1865 - The 13th Amendment to the U.S. Constitution was ratified. The amendment abolished slavery in the U.S.

1876 - The city of Anaheim was incorporated for a second time.

1877 - Thomas Edison demonstrated the first gramophone, with a recording of himself reciting Mary Had a Little Lamb.

1883 - "Ladies' Home Journal" was published for the first time.

1884 - The construction of the Washington Monument was completed by Army engineers. The project took 34 years.

1889 - Jefferson Davis died in New Orleans. He was the first and only president of the Confederate States of America.

1907 - In Monongah, WV, 361 people were killed in America's worst mine disaster.

1917 - More than 1,600 people died when two munitions ships collided in the harbor at Halifax, Nova Scotia.

1917 - Finland proclaimed independence from Russia.

1921 - The Catholic Irish Free State was created as a self-governing dominion of Britain when an Anglo-Irish treaty was signed.

1923 - U.S. President Calvin Coolidge became the first president to give a presidential address that was broadcast on radio.

1926 - In Italy, Benito Mussolini introduced a tax on bachelors.

1947 - Everglades National Park in Florida was dedicated by U.S. President Truman.

1957 - AFL-CIO members voted to expel the International Brotherhood of Teamsters. The Teamsters were readmitted in 1987.

1957 - America's first attempt at putting a satellite into orbit failed when the satellite blew up on the launch pad at Cape Canaveral, FL.

1960 - Gene Autry and Bob Reynolds were granted the Los Angeles Angels baseball franchise by the American League.

1973 - Gerald R. Ford was sworn in as the vice-president of the United States after vice-president Spiro Agnew resigned.

1982 - 11 soldiers and 6 civilians were killed when a bomb exploded in a pub in Ballykelly, Northern Ireland. The Irish National Liberation Army was responsible for planting the bomb.

1983 - In Jerusalem, a bomb planted on a bus exploded killing six Israelis and wounding 44.

1985 - Congressional negotiators reached an agreement on a deficit-cutting proposal that later became the Gramm-Rudman-Hollings law.

1989 - The worst mass shooting in Canadian history occurred when a man gunned down 14 women at the University of Montreal's school of engineering. The man then killed himself.

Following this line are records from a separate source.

lemma labelling_surj: "k < 7 \<Longrightarrow> \<exists>z. z \<noteq> z2zero \<and> \<pi> z mod 7 = k"
proof -
  assume "k < 7"
  hence "k \<in> (\<lambda>z. \<pi> z mod 7) ` (UNIV - {z2zero})"
    using labelling_bij by (simp add: bij_betw_def)
  thus ?thesis by blast
qed

lemma Sset_subset_Gcar: "S \<subseteq> Gcar l"
  using l_pos by (auto simp: mem_Sset_iff)

lemma zero_notin_Sset: "(0, z2zero, 0) \<notin> S"
  by (simp add: mem_Sset_iff)

lemma Sset_minus_closed: "d \<in> S \<Longrightarrow> gdiff l d (0, z2zero, 0) \<in> S"
  using l_pos by (cases d) (auto simp: mem_Sset_iff gdiff_zero_right simp del: gdiff.simps)

lemma card_Sset: "card S = 8 * l - 2 + CARD('a)"
proof -
  have "S = S0 l \<union> (\<Union>z \<in> UNIV - {z2zero}. Sz \<rho> \<pi> z)"
    by (simp add: Sset_def)
  moreover have "S0 l \<inter> (\<Union>z \<in> UNIV - {z2zero}. Sz \<rho> \<pi> z) = {}"
    by (auto simp: S0_def Sz_eq)
  moreover have "card (\<Union>z \<in> UNIV - {z2zero}. Sz \<rho> \<pi> z) = (\<Sum>z \<in> UNIV - {z2zero}. card (Sz \<rho> \<pi> z))"
    by (rule card_UN_disjoint) (auto simp: Sz_eq)
  moreover have "card (Sz \<rho> \<pi> z) = 2 * r" for z
    unfolding Sz_eq by (subst card_image) (auto simp: inj_on_def card_nonzero_class)
  moreover have "card (UNIV - {z2zero}) = 7"
    by (simp add: card_Diff_singleton card_z2_3)
  moreover have "finite (S0 l :: (nat \<times> z2_3 \<times> 'a) set)" "finite (\<Union>z \<in> UNIV - {z2zero}. Sz \<rho> \<pi> z)"
    by (simp_all add: S0_eq Sz_eq)
  ultimately have "card S = card (S0 l :: (nat \<times> z2_3 \<times> 'a) set) + 7 * (2 * r)"
    by (simp add: card_Un_disjoint)
  also have "\<dots> = (8 * l - 1) + 14 * r"
    using l_pos by (simp add: card_S0)
  finally show ?thesis using card_eq l_pos by simp
qed

lemma common_Sset_S0:
  assumes D: "(a0, z0, 0) \<in> S"
  shows "{d \<in> S. gdiff l (a0, z0, 0) d \<in> S} = S0 l - {(a0, z0, 0)}"
proof (rule set_eqI)
  fix d :: "nat \<times> z2_3 \<times> 'a"
  obtain a w y where d: "d = (a, w, y)" by (cases d)
  have a0: "a0 < l" "a0 = 0 \<Longrightarrow> z0 \<noteq> z2zero" using D by (auto simp: mem_Sset_iff)
  show "d \<in> {d \<in> S. gdiff l (a0, z0, 0) d \<in> S} \<longleftrightarrow> d \<in> S0 l - {(a0, z0, 0)}"
  proof (cases "y = 0")
    case True
    have "(a + l - a0) mod l < l" using l_pos by simp
    thus ?thesis using True a0 sub_mod_eq_zero_iff[of a0 l a]
      by (auto simp: d mem_Sset_iff mem_S0_iff z2add_eq_zero_iff)
  next
    case False
    have "\<not> ((a, w, y) \<in> S \<and> ((a + l - a0) mod l, z2add w z0, y) \<in> S)"
    proof
      assume "(a, w, y) \<in> S \<and> ((a + l - a0) mod l, z2add w z0, y) \<in> S"
      hence "a = 0" "w \<noteq> z2zero" "cyc_index y = \<pi> w mod 7"
        and "(l - a0) mod l = 0" "z2add w z0 \<noteq> z2zero" "cyc_index y = \<pi> (z2add w z0) mod 7"
        using False by (auto simp: mem_Sset_iff)
      hence "a0 = 0" "z2add w z0 = w"
        using a0(1) sub_mod_eq_zero_iff[of a0 l 0] labelling_inj by auto
      thus False using a0(2) z2add_eq_right_iff[of z0 w] by (simp add: z2add_commute)
    qed
    thus ?thesis using False by (auto simp: d mem_S0_iff)
  qed
qed

lemma card_common_Sset_S0: "(a0, z0, 0) \<in> S \<Longrightarrow> card {d \<in> S. gdiff l (a0, z0, 0) d \<in> S} = 8 * l - 2"
  using l_pos by (simp add: common_Sset_S0 card_S0 S0_eq card_Diff_singleton mem_Sset_iff)

lemma common_Sset_Sz:
  assumes z: "z \<noteq> z2zero" and y0: "y0 \<noteq> 0" "cyc_index y0 = \<pi> z mod 7"
  shows "{d \<in> S. gdiff l (0, z, y0) d \<in> S} = (\<Union>w \<in> UNIV - {z2zero, z}. (\<lambda>y. (0, w, y)) `
    {y. y \<noteq> 0 \<and> y \<noteq> y0 \<and> cyc_index y = \<pi> w mod 7 \<and> cyc_index (y - y0) = \<pi> (z2add w z) mod 7})"
    (is "?L = ?R")
proof (rule set_eqI)
  fix d :: "nat \<times> z2_3 \<times> 'a"
  obtain a w y where d: "d = (a, w, y)" by (cases d)
  have "y \<noteq> 0 \<and> y \<noteq> y0" if "(a, w, y) \<in> S" "(a mod l, z2add w z, y - y0) \<in> S"
  proof
    show "y \<noteq> 0"
    proof
      assume "y = 0"
      hence "a = 0" "w \<noteq> z2zero" "z2add w z \<noteq> z2zero" "\<pi> z mod 7 = \<pi> (z2add w z) mod 7"
        using that y0 by (auto simp: mem_Sset_iff)
      thus False using labelling_inj[OF z] z2add_eq_right_iff by metis
    qed
    show "y \<noteq> y0"
    proof
      assume "y = y0"
      hence "w \<noteq> z2zero" "z2add w z \<noteq> z2zero" "\<pi> w mod 7 = \<pi> z mod 7"
        using that y0 by (auto simp: mem_Sset_iff)
      thus False using labelling_inj[OF _ z] z2add_eq_zero_iff by metis
    qed
  qed
  thus "d \<in> ?L \<longleftrightarrow> d \<in> ?R"
    using l_pos by (auto simp: d mem_Sset_iff z2add_eq_zero_iff)
qed
lemma det_diagonal_except_row:
  fixes A :: "real^'m::finite^'m"
  assumes z: "\<And>i j. i \<noteq> j \<Longrightarrow> i \<noteq> l \<Longrightarrow> A $ i $ j = 0"
  shows "det A = (\<Prod>i\<in>UNIV. A $ i $ i)"
proof -
  let ?P = "{p. p permutes (UNIV::'m set)}"
  let ?t = "\<lambda>p. of_int (sign p) * (\<Prod>i\<in>UNIV. A $ i $ p i)"
  have "?t p = 0" if p: "p \<in> ?P - {id}" for p
  proof -
    have perm: "p permutes UNIV" and "p \<noteq> id" using p by auto
    then obtain j where j: "p j \<noteq> j" by (auto simp: fun_eq_iff)
    \<comment> \<open>A permutation moving l also moves p l.\<close>
    have "\<exists>i. p i \<noteq> i \<and> i \<noteq> l"
    proof (cases "j = l")
      case True
      then have "p (p l) \<noteq> p l" using j injD[OF permutes_inj[OF perm]] by metis
      then show ?thesis using j True by metis
    qed (use j in blast)
    then obtain i where "p i \<noteq> i" "i \<noteq> l" by blast
    then have "(\<Prod>i\<in>UNIV. A $ i $ p i) = 0" using z[of i "p i"] by (intro prod_zero) auto
    then show ?thesis by simp
  qed
  then have "sum ?t (?P - {id}) = 0" by (intro sum.neutral) blast
  moreover have "det A = ?t id + sum ?t (?P - {id})"
    unfolding det_def by (rule sum.remove) (simp_all add: finite_permutations permutes_id)
  ultimately show ?thesis by (simp add: sign_id)
qed

lemma det_proportional_rows:
  fixes A :: "real^'m::finite^'m"
  assumes "i \<noteq> k" "\<And>j. A $ k $ j = c * A $ i $ j"
  shows "det A = 0"
proof -
  have "A = (\<chi> r. if r = k then c *s row i A else row r A)"
    using assms by (auto simp: vec_eq_iff row_def)
  then have "det A = det (\<chi> r. if r = k then c *s row i A else row r A)" by simp
  also have "\<dots> = c * det (\<chi> r. if r = k then row i A else row r A)"
    by (rule det_row_mul)
  also have "det (\<chi> r. if r = k then row i A else row r A) = 0"
    by (rule det_identical_rows[of i k]) (use assms(1) in \<open>auto simp: row_def vec_eq_iff\<close>)
  finally show ?thesis by simp
qed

1989 - Egon Krenz resigned as leader of East Germany.

1990 - Iraq announced that it would release all its 2,000 foreign hostages.

1990 - U.S. Vice President Dan Quayle was enshrined in the Little League Museum's Hall of Excellence.

1992 - Germany's primary political parties agreed to tighten postwar asylum laws.

1992 - In India, thousands of Hindu extremists destroyed a mosque. The following two months of Hindu-Muslim rioting resulted in at least 2,000 people being killed.

1993 - Former priest James R. Porter was sentenced to 18 to 20 years in prison. Porter had admitted molesting 28 children in the 1960s.

1994 - Orange County, CA, filed for bankruptcy protection due to investment losses of about $2 billion. The county is one of the richest in the U.S. and became to largest municipality to file for bankruptcy.

1997 - A Russian Antonov 124 military transport crashed into a residential area in Irkutsk, Russia, shortly after takeoff. 70 people were killed.

1998 - In Venezuela, former Lieutenant Colonel Hugo Chavez was elected president. He had staged a bloody coup attempt against the government six years earlier.

1998 - Astronauts aboard the space shuttle Endeavour connected the first two building blocks of the international space station in the shuttle cargo bay.

2002 - Winona Ryder was sentenced to 36 months of probation and 480 hours of community service stemming from her conviction for shoplifting from Saks Fifth Avenue. She was also ordered to pay $10,000 in fines and restitution.

2002 - Officials released the detailed plans for a $4.7 million memorial commemorating Princess Diana. The large oval fountain was planned to be constructed in London's Hyde Park.